Polly enjoyed the plan, and they hurried with their dressing, then walked out sedately into the little room that served as a dining-room. Welcome’s face was immobile and unrelenting, but on the table there were neither boiled eggs nor oatmeal. Crullers saw, and gave one glad cry.

“Girls, waffles!”

Now waffles are usually merely an adjunct to a full meal, but not Welcome’s waffles. There was no room for other food. The girls ate waffles with butter and sugar on them, and then waffles with honey on them, then Polly tried some maple syrup, and Sue hunted up the strawberry jam jar, and Ruth appeared with some marmalade.

“’Deed, an’ I nevah see sech appetites,” Welcome declared, her indignation forgotten, as she stood over the cookstove, and guarded the waffle iron, her old face smiling broadly. “Dat’s jest sixty-nine I done cooked dis yere morning for you all, and I don’t see whar you puts ’em, chillern.”

“It’s your own fault, Aunty,” Polly declared. “You make them so light and nice, that when we eat them, they just evaporate.”

“Listen to her get ’round her mammy,” Welcome’s fat sides shook with laughter, as she ladled out more. “Hyar goes seventy-one.”

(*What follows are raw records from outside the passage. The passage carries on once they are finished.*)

theorem corollary3:
  fixes n :: nat and le :: "iv \<Rightarrow> iv \<Rightarrow> bool"
    and F :: "iv \<Rightarrow> iv \<Rightarrow> iv" and G :: "(nat \<Rightarrow> iv) \<Rightarrow> iv"
  assumes n: "n \<ge> 1"
    and adm: "admissible_order le"
    and F_range: "\<forall>X\<in>L01. \<forall>Y\<in>L01. F X Y \<in> L01"
    and G_range: "\<forall>Y\<in>inputs n. G Y \<in> L01"
  shows
   \<comment> \<open>(i)(a)\<close>
   "((\<forall>X\<in>L01. le X (F X iv1)) \<and> mono_second le F \<longrightarrow>
      (\<forall>m. IV_fuzzy_measure n le m \<and> SFG_defined n le F (ivmax n le) m \<longrightarrow>
         above_min n le (SFG n le F (ivmax n le) m))) \<and>
   \<comment> \<open>(i)(a^s)\<close>
    ((\<forall>X\<in>L01. le X (F X iv1)) \<longrightarrow>
      (\<forall>m. IV_fuzzy_measure n le m \<and> symmetric_measure n m \<and> SFG_defined n le F (ivmax n le) m \<longrightarrow>
         above_min n le (SFG n le F (ivmax n le) m))) \<and>
   \<comment> \<open>(i)(b)\<close>
    ((\<forall>X\<in>L01. le (F X iv1) X) \<and> mono_second le F \<longrightarrow>
      (\<forall>m. IV_fuzzy_measure n le m \<and> SFG_defined n le F (ivmax n le) m \<longrightarrow>
         below_max n le (SFG n le F (ivmax n le) m))) \<and>
   \<comment> \<open>(i)(b^s)\<close>
    ((\<forall>X\<in>L01. \<forall>Y\<in>L01. le (F X Y) X) \<longrightarrow>
      (\<forall>m. IV_fuzzy_measure n le m \<and> symmetric_measure n m \<and> SFG_defined n le F (ivmax n le) m \<longrightarrow>
         below_max n le (SFG n le F (ivmax n le) m))) \<and>
   \<comment> \<open>(i)(c)\<close>
    ((\<forall>X\<in>L01. F X iv1 = X) \<and> mono_second le F \<longrightarrow>
      (\<forall>m. IV_fuzzy_measure n le m \<and> SFG_defined n le F (ivmax n le) m \<longrightarrow>
         internal n le (SFG n le F (ivmax n le) m))) \<and>
   \<comment> \<open>(i)(c^s)\<close>
    ((\<forall>X\<in>L01. \<forall>Y\<in>L01. le (F X Y) X) \<and> (\<forall>X\<in>L01. F X iv1 = X) \<longrightarrow>
      (\<forall>m. IV_fuzzy_measure n le m \<and> symmetric_measure n m \<and> SFG_defined n le F (ivmax n le) m \<longrightarrow>
         internal n le (SFG n le F (ivmax n le) m))) \<and>
   \<comment> \<open>(ii)(a)\<close>
    ((\<exists>f. (\<forall>X\<in>L01. f X \<in> L01) \<and> (\<forall>X\<in>L01. le X (f X)) \<and>
          (is_f_proj1 n G f \<or> is_f_max n le G f)) \<longrightarrow>
      (\<forall>m. IV_fuzzy_measure n le m \<and> SFG_defined n le (ivinf le) G m \<longrightarrow>
         above_min n le (SFG n le (ivinf le) G m))) \<and>
   \<comment> \<open>(ii)(b)\<close>
    ((\<exists>f. (\<forall>X\<in>L01. f X \<in> L01) \<and> (\<forall>X\<in>L01. le (f X) X) \<and>
          (is_f_proj1 n G f \<or> is_f_max n le G f)) \<longrightarrow>
      (\<forall>m. IV_fuzzy_measure n le m \<and> SFG_defined n le (ivinf le) G m \<longrightarrow>
         below_max n le (SFG n le (ivinf le) G m))) \<and>
   \<comment> \<open>(ii)(c)\<close>
    ((is_f_proj1 n G id \<or> is_f_max n le G id) \<longrightarrow>
      (\<forall>m. IV_fuzzy_measure n le m \<and> SFG_defined n le (ivinf le) G m \<longrightarrow>
         internal n le (SFG n le (ivinf le) G m))) \<and>
   \<comment> \<open>(iii)\<close>
    (\<forall>m. IV_fuzzy_measure n le m \<and> SFG_defined n le (ivinf le) (ivmax n le) m \<longrightarrow>
         internal n le (SFG n le (ivinf le) (ivmax n le) m))"
proof -
  note max_above_min = SFG_max_above_min[OF adm n F_range]
    and max_below_max = SFG_max_below_max[OF adm n F_range]
    and F_le = mono_second_le_first[OF adm _ F_range]
    and inf_above_min = SFG_inf_above_min[OF adm n]
    and inf_below_max = SFG_inf_below_max[OF adm n]
  have F_iv1_le: "le X (F X iv1)" "le (F X iv1) X" if "\<forall>X\<in>L01. F X iv1 = X" "X \<in> L01" for X
    using that admissible_refl[OF adm] by simp_all
  have id: "\<forall>X\<in>L01. id X \<in> L01" "\<forall>X\<in>L01. le X (id X)" "\<forall>X\<in>L01. le (id X) X"
    using admissible_refl[OF adm] by simp_all
  have "is_f_max n le (ivmax n le) id"
    by (simp add: is_f_max_def)
  then show ?thesis
    unfolding internal_def
    using max_above_min max_below_max F_le F_iv1_le
      inf_above_min[OF id(1,2)] inf_below_max[OF id(1,3)] inf_above_min inf_below_max
    by blast
qed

Tom had agreed to drive over after them in the carry-all. Polly’s orders had gone forth, and not a single boat was to be taken out on the bay until the Junior race. She wanted them spick and span for the event of the regatta, and even Dorothy and Bess’s boat, the Nixie, looked weather-beaten beside the newly painted challengers of the Junior Cup.

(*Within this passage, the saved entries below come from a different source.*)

(* With the notation of the context, $H\varepsilon\cdot\lambda^*M\cdot S\lambda=\lambda S\cdot M\lambda^*\cdot\varepsilon H:SMH\to HMS$.
   Context: $\mathcal A$ is cocomplete, $H$ is an endofunctor, $(M,\eta)$ is a pointed endofunctor (a functor with natural transformation $\eta:\mathrm{Id}\to M$), and $\lambda:MH\to HM$ is a natural transformation with $\lambda\cdot\eta H=H\eta$. $M^n$ is the $n$-fold composite. $S$ is the colimit (computed objectwise) of the diagram consisting of all $M^n$ and all natural transformations $M^i\eta M^j:M^{i+j}\to M^{i+1+j}$, with injections $\mathrm{in}^n:M^n\to S$ (so $SG$ is the colimit with injections $\mathrm{in}^nG$ for any endofunctor $G$). Let $\varepsilon:SM\to MS$ be determined by $\varepsilon\cdot\mathrm{in}^nM=M\mathrm{in}^n$. Define $\lambda^0=\mathrm{id}_H$, $\lambda^{n+1}=\lambda M^n\cdot M\lambda^n:M^{n+1}H\to HM^{n+1}$, and let $\lambda^*:SH\to HS$ be determined by $\lambda^*\cdot\mathrm{in}^nH=H\mathrm{in}^n\cdot\lambda^n$ for all $n$. *)

theory Defs
  imports Main
begin

text \<open>A minimal rendering of (locally small-agnostic) categories: objects of type 'o,
arrows of type 'a, with carrier sets, domain, codomain, identities and composition
(Cmp C g f is "g after f").\<close>

record ('o, 'a) cat =
  Ob  :: "'o set"
  Ar  :: "'a set"
  Dom :: "'a \<Rightarrow> 'o"
  Cod :: "'a \<Rightarrow> 'o"
  Id  :: "'o \<Rightarrow> 'a"
  Cmp :: "'a \<Rightarrow> 'a \<Rightarrow> 'a"

definition hom :: "('o, 'a) cat \<Rightarrow> 'o \<Rightarrow> 'o \<Rightarrow> 'a set" where
  "hom C X Y = {f \<in> Ar C. Dom C f = X \<and> Cod C f = Y}"

definition category :: "('o, 'a) cat \<Rightarrow> bool" where
  "category C \<longleftrightarrow>
     (\<forall>f \<in> Ar C. Dom C f \<in> Ob C \<and> Cod C f \<in> Ob C) \<and>
     (\<forall>X \<in> Ob C. Id C X \<in> hom C X X) \<and>
     (\<forall>X Y Z f g. f \<in> hom C X Y \<longrightarrow> g \<in> hom C Y Z \<longrightarrow> Cmp C g f \<in> hom C X Z) \<and>
     (\<forall>X Y f. f \<in> hom C X Y \<longrightarrow> Cmp C (Id C Y) f = f \<and> Cmp C f (Id C X) = f) \<and>
     (\<forall>W X Y Z f g h. f \<in> hom C W X \<longrightarrow> g \<in> hom C X Y \<longrightarrow> h \<in> hom C Y Z \<longrightarrow>
        Cmp C h (Cmp C g f) = Cmp C (Cmp C h g) f)"

definition endofunctor :: "('o, 'a) cat \<Rightarrow> ('o \<Rightarrow> 'o) \<Rightarrow> ('a \<Rightarrow> 'a) \<Rightarrow> bool" where
  "endofunctor C Fo Fa \<longleftrightarrow>
     (\<forall>X \<in> Ob C. Fo X \<in> Ob C) \<and>
     (\<forall>X Y f. f \<in> hom C X Y \<longrightarrow> Fa f \<in> hom C (Fo X) (Fo Y)) \<and>
     (\<forall>X \<in> Ob C. Fa (Id C X) = Id C (Fo X)) \<and>
     (\<forall>X Y Z f g. f \<in> hom C X Y \<longrightarrow> g \<in> hom C Y Z \<longrightarrow> Fa (Cmp C g f) = Cmp C (Fa g) (Fa f))"

definition nat_trans :: "('o, 'a) cat \<Rightarrow> ('o \<Rightarrow> 'o) \<Rightarrow> ('a \<Rightarrow> 'a) \<Rightarrow> ('o \<Rightarrow> 'o) \<Rightarrow> ('a \<Rightarrow> 'a)
    \<Rightarrow> ('o \<Rightarrow> 'a) \<Rightarrow> bool" where
  "nat_trans C Fo Fa Go Ga \<alpha> \<longleftrightarrow>
     (\<forall>X \<in> Ob C. \<alpha> X \<in> hom C (Fo X) (Go X)) \<and>
     (\<forall>X Y f. f \<in> hom C X Y \<longrightarrow> Cmp C (\<alpha> Y) (Fa f) = Cmp C (Ga f) (\<alpha> X))"

text \<open>The diagram D_X consists of all objects M^n X and all arrows
  (M^i eta M^j)_X = M^i (eta (M^j X)) : M^(i+j) X \<rightarrow> M^(i+1+j) X.\<close>

definition chain_cocone :: "('o, 'a) cat \<Rightarrow> ('o \<Rightarrow> 'o) \<Rightarrow> ('a \<Rightarrow> 'a) \<Rightarrow> ('o \<Rightarrow> 'a)
    \<Rightarrow> 'o \<Rightarrow> 'o \<Rightarrow> (nat \<Rightarrow> 'a) \<Rightarrow> bool" where
  "chain_cocone C Mo Ma \<eta> X Y c \<longleftrightarrow>
     (\<forall>n. c n \<in> hom C ((Mo ^^ n) X) Y) \<and>
     (\<forall>i j. Cmp C (c (i + 1 + j)) ((Ma ^^ i) (\<eta> ((Mo ^^ j) X))) = c (i + j))"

“Who are the judges, Kate?” asked Ted, as they drove along the shore road towards town. It had been a matter for calculation to get seven girls into the carry-all besides the driver, but some way it had happened. There was room for four people, and under pressure, five, but when they picked up Nancy too, down at Fair Havens, there were nine aboard, and the colts moderated their pace. Tom’s special pride in life, next to his hope of being a life saver, was the colts. Sorrels they were, and almost a perfect match to Ted’s red curls. The Captain had owned them twelve years, and they had grown up with the children, so they still called them the “colts.” And they had traveled that shore road so often during those twelve years that the Captain declared he shouldn’t be at all surprised to see them walk out of their stalls, harness each other up, and start off alone at any time. As the two trotted along the shore road together, they scattered a cloud of dust behind, and their short manes caught the breeze like a t’gallant peak flag, Tom said.

It was the first time the girls had all been to Eastport since their arrival at Eagle Bay. It lay about two miles from the club house on Orienta Point, and a quarter of a mile up the Inlet. A big lumber mill off to one end of town hummed its song lazily. You could tell just what the saw was doing from the tone, Sue said. First the sharp hiss as it cut the bark, then a gradually rising buzz and hum, till there came the crack as it fell apart. Off to the other side of the village lay the railroad station. There were half a dozen buildings around the central square of green, some low white houses, with their green blinds tightly closed, and little garden patches out in front filled with sweet-scented old-fashioned flowers.

“I was born over yonder,” Tom told them, pointing his whip at a little house next the white church that occupied the north end of the green. “So was Pa, and his Pa too, but now my Aunt Cynthy Bardwell lives there. She’s got the finest rose garden in Eastport, and all the summer folks come down here to buy her roses. She’s Pa’s only sister, and her husband was a captain too, sailed a schooner up to the Gulf every year for over forty years, and fell off the dock down here one day loading ties.”